Three microsatellite motifs, (AATG)8, (AGAT)8, and (AC)15, were mapped by FISH on to the chromosomes of both sexes. The (AATG)8 probe showed no specific signal in either male or female metaphases (data not shown) whereas (AGAT)8 showed intense hybridization signal at the centromeric region of one small size chromosome in the male metaphase (Figure 3A), but not in the female metaphase (Figure 3B). This suggests that the AGAT microsatellite repeat has been amplified on the centromeric region of the Y chromosome in this species but not on the X. A bright and large hybridization signal from the (AC)15 motif was observed on a small chromosome in male metaphase but not in female metaphase (Figure 3C, D) whilst also being observed on one pair of small chromosomes and one pair of large chromosomes in both sexes (Figure 3C, D). We infer from this that the AC microsatellite repeat is also amplified on the Y chromosome and not on the X, with shared repeats in two other pairs of chromosomes.
Figure 3

FISH mapping of two microsatellite motifs in male and female of A. parapulchella . FISH mapping of (AGAT)8 in male (A) and female (B), and (AC)15 in male (C) and female (D). Arrowheads indicate hybridization signals on the Y chromosome (A, C). Arrows indicate hybridization signals on two pair of autosomes (C, D). Scale bars = 10 μm.

Discussion

Our analysis has demonstrated that the chromosome number of A. parapulchella is 2n = 42, the largest among all pygopodids thus far examined. The most common karyotype found among species of Diplodactylidae and Carphodactylidae is 38 acrocentric chromosomes [17], shared by pygopodid species of Delma, Ophidiocephalus and Pygopus, suggests that the chromosome number in the common ancestor of the Pygopodidae was also 38. It therefore appears likely that the chromosome number has increased in the lineage of A. parapulchella possibly through chromosome inversions and subsequent fissions.
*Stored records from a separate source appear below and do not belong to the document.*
lemma Ups_excess_quadratic:
  assumes "0 < s" "s < t" "c1 * s < kk v b c2 s t" "kk v b c2 s t' \<le> c1 * s"
    and "\<bar>kk v b c2 s t - kk v b c2 s t'\<bar> \<le> C * s * \<bar>t - t'\<bar>"
    and "0 < c" "c * s^2 \<le> det (Sig v s t)" "v t \<le> V"
  shows "Ups v b c1 c2 s t \<le> LL v b c2 t + C^2 * V / (2 * c) * (t - t')^2"
proof -
  have "0 < v t" using v_pos assms(1,2) by simp
  then have "0 \<le> V" using assms(8) by linarith
  have "0 < c * s^2" using assms(1,6) by simp
  have "kk v b c2 s t - c1 * s \<le> C * s * \<bar>t - t'\<bar>" using assms(4,5) by linarith
  then have "(kk v b c2 s t - c1 * s)^2 * v t \<le> (C * s * \<bar>t - t'\<bar>)^2 * V"
    using assms(3,8) \<open>0 < v t\<close> by (intro mult_mono power_mono) auto
  then have "(kk v b c2 s t - c1 * s)^2 * v t / (2 * det (Sig v s t))
      \<le> (C * s * \<bar>t - t'\<bar>)^2 * V / (2 * (c * s^2))"
    using assms(7) \<open>0 < c * s^2\<close> \<open>0 \<le> V\<close> by (intro frac_le) auto
  also have "\<dots> = C^2 * V / (2 * c) * (t - t')^2"
    using assms(1,6) by (simp add: field_simps power2_eq_square)
  finally show ?thesis
    using Ups_eq_LL_plus[OF assms(1,2) _ _ assms(3)] \<open>0 < v t\<close> det_Sig_pos[OF assms(1,2)] by simp
qed

lemma Ups_local_quadratic_bound:
  assumes "0 < b" "0 < c2" "c2 < c1" "b / (c1 - c2) < tstar"
    and below: "\<And>s. 0 < s \<Longrightarrow> s < tstar \<Longrightarrow> kk v b c2 s tstar \<le> c1 * s"
  obtains eta K where "0 < eta"
    and "\<And>h s. \<bar>h\<bar> < eta \<Longrightarrow> 0 < s \<Longrightarrow> s < tstar + h
           \<Longrightarrow> Ups v b c1 c2 s (tstar + h) \<le> LL v b c2 (tstar + h) + K * h^2"
proof -
  \<comment> \<open>eta makes b + c2 t \<le> c1 (t - eta) for t \<ge> T1; as kk s t \<le> b + c2 t, wherever Ups exceeds LL
    the point s stays eta away from t, where det Sig is of order s^2.\<close>
  define t0 where "t0 = b / (c1 - c2)"
  define r where "r = (c1 - c2) / c1"
  define T1 where "T1 = (t0 + tstar) / 2"
  define eta where "eta = r * (tstar - t0) / 4"
  define T2 where "T2 = tstar + eta"
  have "0 < t0" "t0 < tstar" "b = (c1 - c2) * t0" "0 < r" "r < 1" "c1 * r = c1 - c2"
    using assms(1-4) by (auto simp: t0_def r_def)
  have c1_eta: "c1 * eta = (c1 - c2) * (tstar - t0) / 4"
    unfolding eta_def \<open>c1 * r = c1 - c2\<close>[symmetric] by simp
  have "T1 - t0 = (tstar - t0) / 2" by (simp add: T1_def field_simps)
  then have half: "(c1 - c2) * (T1 - t0) = (c1 - c2) * (tstar - t0) / 2" by simp
  have pos: "0 < r * (tstar - t0)" "r * (tstar - t0) < tstar - t0" "0 < (c1 - c2) * (tstar - t0)"
    using mult_strict_right_mono[of r 1 "tstar - t0"] \<open>0 < r\<close> \<open>r < 1\<close> \<open>t0 < tstar\<close> assms(3)
    by simp_all
  have window: "0 < eta" "2 * eta \<le> T1" "eta < tstar - T1" "T1 \<le> T2"
    "c1 * eta \<le> (c1 - c2) * (T1 - t0)" "0 < T1" "T1 < tstar"
    using c1_eta half pos \<open>0 < t0\<close> \<open>t0 < tstar\<close> eta_def T1_def T2_def by argo+
  obtain c where c: "0 < c"
    "\<And>t s. T1 \<le> t \<Longrightarrow> t \<le> T2 \<Longrightarrow> 0 < s \<Longrightarrow> s \<le> t - eta \<Longrightarrow> c * s^2 \<le> det (Sig v s t)"
    using det_Sig_quadratic_lower_bound[OF window(1,2,4)] by blast
  obtain C where C: "\<And>s t t'. T1 \<le> t \<Longrightarrow> t \<le> T2 \<Longrightarrow> T1 \<le> t' \<Longrightarrow> t' \<le> T2 \<Longrightarrow> 0 \<le> s \<Longrightarrow> s \<le> t
      \<Longrightarrow> s \<le> t' \<Longrightarrow> \<bar>kk v b c2 s t - kk v b c2 s t'\<bar> \<le> C * s * \<bar>t - t'\<bar>"
    using kk_lipschitz[OF window(6,4)] by blast
  have "0 < v T2" using v_pos window by simp
  show ?thesis
  proof (rule that[OF window(1)])
    fix h s assume h: "\<bar>h\<bar> < eta" and s: "0 < s" "s < tstar + h"
    define t where "t = tstar + h"
    have t: "T1 \<le> t" "t \<le> T2" using h window by (auto simp: t_def T2_def)
    show "Ups v b c1 c2 s (tstar + h) \<le> LL v b c2 (tstar + h) + C^2 * v T2 / (2 * c) * h^2"
    proof (cases "c1 * s < kk v b c2 s t")
      case False
      with \<open>0 < v T2\<close> show ?thesis using c(1) by (simp add: Ups_eq_LL t_def)
    next
      case True
      have "c1 * eta \<le> c1 * t - (b + c2 * t)"
        using window(5) t(1) \<open>b = (c1 - c2) * t0\<close> assms(3) mult_left_mono[of T1 t "c1 - c2"]
        by (simp add: algebra_simps)
      then have gap: "s < t - eta"
        using kk_exceeds_imp_gap[OF assms(1) _ _ s(1) _ _ True] assms(2,3) s(2) by (simp add: t_def)
      then have "s < tstar" using h by (simp add: t_def)
      have "Ups v b c1 c2 s t \<le> LL v b c2 t + C^2 * v T2 / (2 * c) * (t - tstar)^2"
      proof (rule Ups_excess_quadratic[OF s(1) _ True below[OF s(1) \<open>s < tstar\<close>] _ c(1)])
        show "\<bar>kk v b c2 s t - kk v b c2 s tstar\<bar> \<le> C * s * \<bar>t - tstar\<bar>"
          using C[of t tstar s] t window gap \<open>s < tstar\<close> s(1) by (simp add: T2_def)
        show "c * s^2 \<le> det (Sig v s t)" using c(2)[OF t s(1)] gap by simp
        show "v t \<le> v T2" using v_mono[of t T2] t window by simp
      qed (use gap window in auto)
      then show ?thesis by (simp add: t_def)
    qed
  qed
qed
lemma toeplitz_mat_square_root_of_jordan_block:
  fixes g :: "nat \<Rightarrow> 'a::field_char_0"
  assumes "0 < n" "g 0 \<noteq> 0"
    and square: "toeplitz_mat n g * toeplitz_mat n g = c \<cdot>\<^sub>m jordan_block n lam"
  shows "g 0 * g 0 = c * lam"
    and "toeplitz_mat n g = g 0 \<cdot>\<^sub>m toeplitz_mat n (\<lambda>l. sqrt_coeff l * inverse lam ^ l)"
proof -
  define j :: "nat \<Rightarrow> 'a" where "j k = c * (if k = 0 then lam else if k = 1 then 1 else 0)" for k
  have conv_g: "(\<Sum>k=0..m. g k * g (m - k)) = j m" if "m < n" for m
    using arg_cong[OF square, of "\<lambda>M. M $$ (0,m)"] that
    by (simp del: index_mult_mat(1) add: toeplitz_mat_mult jordan_block_toeplitz smult_toeplitz_mat j_def)
  show g0: "g 0 * g 0 = c * lam"
    using conv_g[OF \<open>0 < n\<close>] by (simp add: j_def)
  then have "lam \<noteq> 0" using \<open>g 0 \<noteq> 0\<close> by auto
  define t where "t = (\<lambda>l. g 0 * (sqrt_coeff l * inverse lam ^ l))"
  have conv_t: "(\<Sum>k=0..m. t k * t (m - k)) = j m" for m
  proof -
    have "(\<Sum>k=0..m. t k * t (m - k))
        = (\<Sum>k=0..m. g 0 * g 0 * inverse lam ^ m * (sqrt_coeff k * sqrt_coeff (m - k)))"
    proof (rule sum.cong)
      fix k assume "k \<in> {0..m}"
      then have "inverse lam ^ m = inverse lam ^ k * inverse lam ^ (m - k)"
        by (simp flip: power_add)
      then show "t k * t (m - k) = g 0 * g 0 * inverse lam ^ m * (sqrt_coeff k * sqrt_coeff (m - k))"
        by (simp add: t_def ac_simps)
    qed simp
    also have "\<dots> = g 0 * g 0 * inverse lam ^ m * (if m \<le> 1 then 1 else 0)"
      by (simp add: sqrt_coeff_self_convolution flip: sum_distrib_left)
    also have "\<dots> = j m"
      using g0 \<open>lam \<noteq> 0\<close> by (auto simp: j_def le_Suc_eq)
    finally show ?thesis .
  qed
  have "toeplitz_mat n g = toeplitz_mat n t"
  proof (rule toeplitz_mat_cong)
    fix m assume "m < n"
    show "g m = t m"
    proof (rule self_convolution_determines[of n g t m])
      show "(\<Sum>k=0..m'. g k * g (m' - k)) = (\<Sum>k=0..m'. t k * t (m' - k))" if "m' < n" for m'
        using that by (simp only: conv_g conv_t)
      show "g 0 = t 0" by (simp add: t_def sqrt_coeff_def)
    qed (use \<open>g 0 \<noteq> 0\<close> \<open>m < n\<close> in auto)
  qed
  then show "toeplitz_mat n g = g 0 \<cdot>\<^sub>m toeplitz_mat n (\<lambda>l. sqrt_coeff l * inverse lam ^ l)"
    by (simp add: smult_toeplitz_mat t_def)
qed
The intense CGH signal on a single chromosome with the male genomic DNA reveals a Y chromosome that is highly differentiated from the X chromosome not only in morphology but also in DNA content. The Y chromosome of this species has therefore probably degenerated and accumulated large quantities of male specific DNA, much of which is likely to be repetitive [18, 19]. Two microsatellite motifs, (AC)15 and (AGAT)8, were mapped with intense fluorescent signals on to the Y chromosome also suggest accumulation and amplification of repetitive sequences. The lengths of the microsatellite repeats in the two microsatellite loci, APP6 and APP40, are 16 bp and 40 bp (JQ713339, JQ713352) and FISH analysis can not localize accurately such short length of DNA fragments. Therefore, our FISH mapping did not identify exact location of the two loci. However, the results clearly indicate that the two microsatellite repeats are in high copy number on the Y chromosome, and that the two microsatellite repeats, (AGAT)n and (AC)n, form the main components of the centromeric region and the long arm of the Y chromosome, respectively. It is commonly thought that suppression of recombination between the sex chromosomes favors the accumulation of repetitive DNA sequences such as retrotransposons, ribosomal DNAs and microsatellite repeats on the non-recombining regions increasing the level of differentiation between sex chromosomes [20]. Such accumulation of repeats on sex chromosomes has been reported in many species of animals and plants (for example [2130]), and, this process would also appear to have occurred in A. parapulchella.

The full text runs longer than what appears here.